Симон схватил солдата за перепачканные известью плечи и поймал-таки безостановочно бегающий взгляд.
— Ты хочешь облегчить душу?
* * *
Отсюда, из окон зала канцелярии было видно все: и как солдатика сунули в бак, и как монах-исповедник приник своей щекой к щеке преступника, — чтобы лучше слышать последнее покаяние.
Византийский император Ираклий удивленно хмыкнул и повернулся к Пирру.
— Смотри-ка, получилось.
— Еще бы, — самодовольно улыбнулся Патриарх. — Я в этом деле каждую мелочь продумал. Сам. Лично.
Ираклий кивнул и снова повернулся к окну.
— Думаешь, он обо всем покается? Все-таки, ветеран… и на допросе ни слова не выбили.
Стоящий за императорской спиной Патриарх язвительно хохотнул.
— Рассеченному пополам — не до секретов. Уж, поверь мне, Ираклий. Не пройдет и получаса, и ты будешь знать об этой монашке все. Кстати, а зачем она тебе?
Ираклий усмехнулся.
— Будешь принимать мое последнее покаяние, узнаешь.
Патриарх обиженно засопел, а Ираклий оперся рукой о расписанный охряными бутонами откос окна и прищурился.
— Кстати, а зачем ты исповедником амхарца
[2] послал? Что нельзя было из наших надежного человека подыскать?
— Какого амхарца? — не понял Патриарх, подошел ближе и выглянул из-за императорского плеча. — Что?!!
Характерный амхарский профиль приникшего к солдату исповедника был виден даже отсюда.
* * *
Симона принялись толкать и дергать почти сразу.
— Эй, монах! У него было время исповедаться до суда!
— Теперь наш черед!
Горожане прекрасно понимали, что чужак с грубым амхарским профилем отнимает у них самое драгоценное — время.
— Мы в своем праве!
Но Симон лишь упрямо отмахивался, а солдату становилось все хуже и хуже — на глазах.
— И еще… я отнял… свободу… у монашки, — с трудом удерживая голову вертикально, через раз выдыхал он.
— Эй, амхара! — зло толкнули Симона в спину. — Это я должен его исповедовать!
— Я понял, — внятно сказал Симон обоим — и солдату, и тому, что был за спиной. — Что еще?
— Да, уйди же, тебе сказали! — свирепо вцепились в его рясу сзади, и Симон двинул назад локтем и, судя по хрусту, попал в нос.
— Все… — выдавил солдат.
Симона снова толкнули, затем вцепились в капюшон, однако он так и продолжал, внятно, по слову проговаривать формулу отпущения и, лишь закончив, поднялся и развернулся к толпе лицом.

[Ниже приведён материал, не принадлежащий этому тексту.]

lemma no_imaginary_root_below_tau_c:
  assumes "(a, w) \<in> D_c" "0 \<le> t" "t < tau_c a w"
  shows "char_fun a w t (\<i> * of_real y) \<noteq> 0"
proof
  define \<phi> where "\<phi> = arccos (a / cmod w)"
  define \<omega> where "\<omega> = sqrt ((cmod w)\<^sup>2 - a\<^sup>2)"
  note polar = D_c_polar[OF assms(1), folded \<phi>_def \<omega>_def]
  assume "char_fun a w t (\<i> * of_real y) = 0"
  then obtain \<sigma> :: real and n :: int
    where \<sigma>: "\<sigma> = 1 \<or> \<sigma> = -1" "y = \<sigma> * \<omega>" and n: "Arg w - t * y = \<sigma> * \<phi> + 2 * pi * n"
    using imaginary_root_angle[OF assms(1)] unfolding \<phi>_def \<omega>_def by metis
  have t\<omega>: "0 \<le> t * \<omega>" "t * \<omega> < \<bar>Arg w\<bar> - \<phi>"
    using assms(2,3) polar(5) by (simp_all add: tau_c_def \<phi>_def \<omega>_def pos_less_divide_eq)
  define N where "N = 2 * pi * n"
  have N: "N = Arg w - \<sigma> * (t * \<omega>) - \<sigma> * \<phi>"
    using n \<sigma>(2) by (simp add: N_def algebra_simps)
  have "-2 * pi < N \<and> N < 2 * pi \<and> N \<noteq> 0"
    using \<sigma>(1) N t\<omega> polar(3) Arg_bounded[of w] by (cases "0 \<le> Arg w"; elim disjE; simp)
  then have "pi * (-1) < pi * n" "pi * n < pi * 1" "n \<noteq> 0"
    by (simp_all add: N_def)
  then have "-1 < n" "n < 1" "n \<noteq> 0"
    by (simp_all only: mult_less_cancel_left_pos[OF pi_gt_zero] of_int_less_iff of_int_minus of_int_1)
  then show False
    by linarith
qed

lemma imaginary_root_at_tau_c:
  assumes "(a, w) \<in> D_c"
  shows "\<exists>y. char_fun a w (tau_c a w) (\<i> * of_real y) = 0"
proof -
  define \<phi> where "\<phi> = arccos (a / cmod w)"
  define \<omega> where "\<omega> = sqrt ((cmod w)\<^sup>2 - a\<^sup>2)"
  note polar = D_c_polar[OF assms(1), folded \<phi>_def \<omega>_def]
  define \<sigma> :: real where "\<sigma> = (if 0 \<le> Arg w then 1 else -1)"
  have "tau_c a w * \<omega> = \<bar>Arg w\<bar> - \<phi>"
    using polar(5) by (simp add: tau_c_def \<phi>_def \<omega>_def)
  then have "Arg w - tau_c a w * (\<sigma> * \<omega>) = \<sigma> * \<phi>"
    by (auto simp: \<sigma>_def abs_if algebra_simps)
  then have "char_fun a w (tau_c a w) (\<i> * of_real (\<sigma> * \<omega>)) = 0"
    unfolding char_fun_imaginary_axis using polar(1,2)
    by (auto simp: complex_eq_iff \<sigma>_def)
  then show ?thesis ..
qed

lemma char_fun_continuous: "continuous_on UNIV (\<lambda>x. char_fun a w (fst x) (snd x))"
  unfolding char_fun_def by (intro continuous_intros)

lemma char_fun_holomorphic: "char_fun a w t holomorphic_on S"
  unfolding char_fun_def by (intro holomorphic_intros)

lemma char_fun_root_norm_le:
  assumes "0 \<le> t" "0 \<le> Re z" "char_fun a w t z = 0"
  shows "norm z \<le> \<bar>a\<bar> + norm w"
proof -
  have "z = w * exp (- of_real t * z) - of_real a"
    using assms(3) by (simp add: char_fun_def algebra_simps)
  then have "norm z \<le> norm w * norm (exp (- of_real t * z)) + \<bar>a\<bar>"
    by (metis norm_mult norm_of_real norm_triangle_ineq4)
  moreover have "norm (exp (- of_real t * z)) \<le> 1"
    using assms(1,2) by simp
  then have "norm w * norm (exp (- of_real t * z)) \<le> norm w"
    by (simp add: mult_left_le)
  ultimately show ?thesis
    by linarith
qed

lemma char_fun_right_root_persists:
  assumes "0 \<le> t" "char_fun a w t z0 = 0" "0 < Re z0"
  obtains \<delta> where "0 < \<delta>" "\<And>s. \<bar>s - t\<bar> < \<delta> \<Longrightarrow> \<exists>z. 0 < Re z \<and> char_fun a w s z = 0"
proof -
  have "char_fun a w t (of_real (\<bar>a\<bar> + norm w + 1)) \<noteq> 0"
    using char_fun_root_norm_le[OF assms(1), where z = "of_real (\<bar>a\<bar> + norm w + 1)" and a = a and w = w]
    by (auto simp only: norm_of_real Re_complex_of_real) auto
  then obtain e where "0 < e" and e: "\<And>z. z \<in> ball z0 e - {z0} \<Longrightarrow> char_fun a w t z \<noteq> 0"
    using isolated_zeros[OF char_fun_holomorphic open_UNIV connected_UNIV _ assms(2)] by blast
  define \<rho> where "\<rho> = min (e / 2) (Re z0 / 2)"
  have "0 < \<rho>"
    using \<open>0 < e\<close> assms(3) by (simp add: \<rho>_def)
  have sphere_nonzero: "char_fun a w t z \<noteq> 0" if "z \<in> sphere z0 \<rho>" for z
  proof -
    have "dist z0 z = \<rho>"
      using that by simp
    then have "z \<noteq> z0" "dist z0 z < e"
      using \<open>0 < \<rho>\<close> \<open>0 < e\<close> by (auto simp: \<rho>_def)
    then show ?thesis
      using e by simp
  qed
  have cball_right: "0 < Re z" if "z \<in> cball z0 \<rho>" for z
    using that abs_Re_le_cmod[of "z0 - z"] assms(3) by (auto simp: \<rho>_def dist_norm)
  have "sphere z0 \<rho> \<noteq> {}"
    using \<open>0 < \<rho>\<close> by simp
  then obtain zm where "zm \<in> sphere z0 \<rho>"
    and zm: "\<And>z. z \<in> sphere z0 \<rho> \<Longrightarrow> norm (char_fun a w t zm) \<le> norm (char_fun a w t z)"
    using continuous_attains_inf[OF compact_sphere _ continuous_on_norm
        [OF holomorphic_on_imp_continuous_on[OF char_fun_holomorphic]]]
    by blast
  define m where "m = norm (char_fun a w t zm)"
  have "0 < m"
    using sphere_nonzero[OF \<open>zm \<in> sphere z0 \<rho>\<close>] by (simp add: m_def)
  then obtain \<delta> where "0 < \<delta>" and \<delta>: "\<And>s z. \<bar>s - t\<bar> < \<delta> \<Longrightarrow> z \<in> cball z0 \<rho> \<Longrightarrow>
      dist (char_fun a w s z) (char_fun a w t z) < m / 2"
    using uniformly_close_in_parameter[OF char_fun_continuous compact_cball, of "m / 2"]
    by (metis half_gt_zero)
  show ?thesis
  proof (rule that[OF \<open>0 < \<delta>\<close>])
    fix s assume "\<bar>s - t\<bar> < \<delta>"
    have "\<exists>z\<in>cball z0 \<rho>. char_fun a w s z = 0"
    proof (rule zero_persists_under_perturbation[where f = "char_fun a w t" and m = m])
      show "char_fun a w s holomorphic_on ball z0 \<rho>" "continuous_on (cball z0 \<rho>) (char_fun a w s)"
        by (simp_all add: char_fun_holomorphic holomorphic_on_imp_continuous_on)
      show "\<And>z. z \<in> cball z0 \<rho> \<Longrightarrow> norm (char_fun a w s z - char_fun a w t z) < m / 2"
        using \<delta>[OF \<open>\<bar>s - t\<bar> < \<delta>\<close>] by (simp add: dist_norm)
    qed (use \<open>0 < \<rho>\<close> assms(2) zm in \<open>auto simp: m_def\<close>)
    then show "\<exists>z. 0 < Re z \<and> char_fun a w s z = 0"
      using cball_right by blast
  qed
qed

— Варвар? — отшатнулись передние, а зажимающий окровавленное лицо растопыренными пальцами монах изумленно моргнул.
— Он варвар… — залопотала толпа, — он варвар…
Теперь даже те, что стояли позади всех, могли разглядеть, что этот высокий, широкоплечий монах, вопреки церковному обычаю, брит наголо, а крупный череп его целиком покрыт черными и красными узорами — точь-в-точь, как у людоедов.
— С-святой отец… — болезненно скрипнуло сзади.
— Да, — мгновенно развернулся Симон.
Подбородок солдата трясся.
— Я… хочу… вернуть ей… свободу…
Симон насторожился. Он уже чуял подвох.
— П-помоги… н-написать…
Симон замер. Двадцать восемь лет он шел по жизни так осторожно, как мог, оказывал услуги исключительно за деньги и категорически уклонялся от какой-либо помощи ближнему, — исповедь не в счет.
— П-прошу…
«Напишу и отдам судейским», — решил Симон и сорвал заплечный мешок, — времени у солдата оставалось в обрез.
Толпа недовольно заворчала, но Симон уже строчил на желтой папирусной четвертушке стандартную формулу вольной грамоты.
— Имя?
— Еле-на… — с неожиданной нежностью произнес умирающий.
Симон поджал губы. Это имя и для него значило много. Очень много.
* * *
Ираклий повернулся к Патриарху, и тот невольно подался назад: в таком состоянии императора боялись все.
— И как я узнаю, что он сказал?
Пирр не без труда выдержал многообещающий императорский взгляд.
— Я все сделаю, Ираклий. Я обещаю…
— Это — ам-ха-рец, — по слогам процедил император, — варвар. Еретик из еретиков! Ты для него — никто!
Патриарх густо покраснел и насупился.
— Он все мне расскажет, — не разжимая губ, процедил он. — Если хочешь, прямо при тебе.
Ираклий на секунду ушел в себя, кинул взгляд на потолок, словно прикидывая, появятся ли там брызги крови после этого, Бог весть, какого по счету дознания, и досадливо цокнул языком.
— Тогда не мешкай…
* * *
Чтобы подписать вольную, Симону пришлось обхватить солдата за плечи; лишь тогда умирающий сумел оторвать руку от глиняного края казнилища и кое-как поставить побежавшую через весь лист роспись.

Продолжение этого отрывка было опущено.